Mining retention pond in Colorado. Image courtesy of the EPA.

Clean Water Struggles. Co-host Susan Moran interviews journalist Judith Lewis Mernit about how small rural communities in the West are struggling to afford complying with federal water-quality standards as they relate to water pollutants. Mernit wrote an article on the topic in High Country News’ Dec. 12 issue. She explores the unintended consequences of complex federal  standards, which place a disproportionately heavy burden on small communities.  A big bone of contention, and a source of a flood of lawsuits, is a provision in the Clean Water Act that forces states to assess their impaired waterways and set maximum limits, or loads, for nitrates and other pollutants in them.

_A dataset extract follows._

(* Let $n,t\ge1$. For each $1\le k\le n$ let $\bm{X}^k=(X_1^k,\dots,X_t^k)$ be a random vector, fix an index $1\le i\le n$, and let $\widetilde{\bm{X}}^i=(\widetilde{X}_1^i,\dots,\widetilde{X}_t^i)$ be another random vector. Assume spatial independence: $\bm{X}^1,\dots,\bm{X}^n$ are mutually independent, and $\bm{X}^1,\dots,\bm{X}^{i-1},\widetilde{\bm{X}}^i,\bm{X}^{i+1},\dots,\bm{X}^n$ are mutually independent. Let $f_j\in\mathfrak{F}_{USIA}$ for $1\le j\le t$, and set $X_j=f_j(X_j^1,\dots,X_j^n)$ and $\widetilde{X}_j=f_j(X_j^1,\dots,X_j^{i-1},\widetilde{X}_j^i,X_j^{i+1},\dots,X_j^n)$. If $\bm{X}^i\le_{dcx}\widetilde{\bm{X}}^i$ and $\bm{X}^i$ and $\widetilde{\bm{X}}^i$ have a common conditionally increasing copula, then $$(X_1,\dots,X_t)\le_{dcx}(\widetilde{X}_1,\dots,\widetilde{X}_t)\quad\text{and}\quad \sum_{j=1}^t\alpha_jX_j\le_{cx}\sum_{j=1}^t\alpha_j\widetilde{X}_j$$ for all $\alpha_1,\dots,\alpha_t\ge0$.
   Context: $\mathfrak{F}_{USIA}$ is the set of functions $f:\mathbb{R}^n\to\mathbb{R}$ such that for every $\bm{x}\in\mathbb{R}^n$ and every coordinate $i$, the map $x_i\mapsto f(\bm{x})$ (other coordinates fixed) is affine and strictly increasing. A function $\phi:\mathbb{R}^t\to\mathbb{R}$ is directionally convex if it is supermodular and convex in each coordinate. $\bm{X}\le_{dcx}\bm{Y}$ means $\mathbb{E}\phi(\bm{X})\le\mathbb{E}\phi(\bm{Y})$ for all directionally convex $\phi$ for which the expectations exist; $X\le_{cx}Y$ (real) means $\mathbb{E}\phi(X)\le\mathbb{E}\phi(Y)$ for all convex $\phi$. A copula $C$ is conditionally increasing if a random vector $\bm{U}$ with distribution $C$ satisfies: for every $i$ and every index set $J\not\ni i$, $\mathbb{E}[\psi(U_i)\mid U_j,j\in J]$ is increasing in $(U_j)_{j\in J}$ for every increasing $\psi$. *)

theory Defs
  imports "HOL-Probability.Probability"
begin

Bastrop, Texas fire. Photo courtesy of Michael Kodas.

2011’s Big Sci-Enviro-Tech Stories. In the second feature co-hosts Susan Moran and Tom Yulsman are joined by How On Earth’s Tom McKinnon and Shelley Schlender, as well as photojournalist Michael Kodas (author of a forthcoming book on megafires) to reflect on 2011’s major science, technology and environment stories. The list includes extreme weather events, record-high carbon dioxide levels, the Fukushima nuclear disaster, Boulder’s November vote to consider municipalizing its electricity, and advancements in proteomics. Stay tuned for plenty more coverage of these topics on How On Earth in 2012. (Scroll down to download the audio file of the show.)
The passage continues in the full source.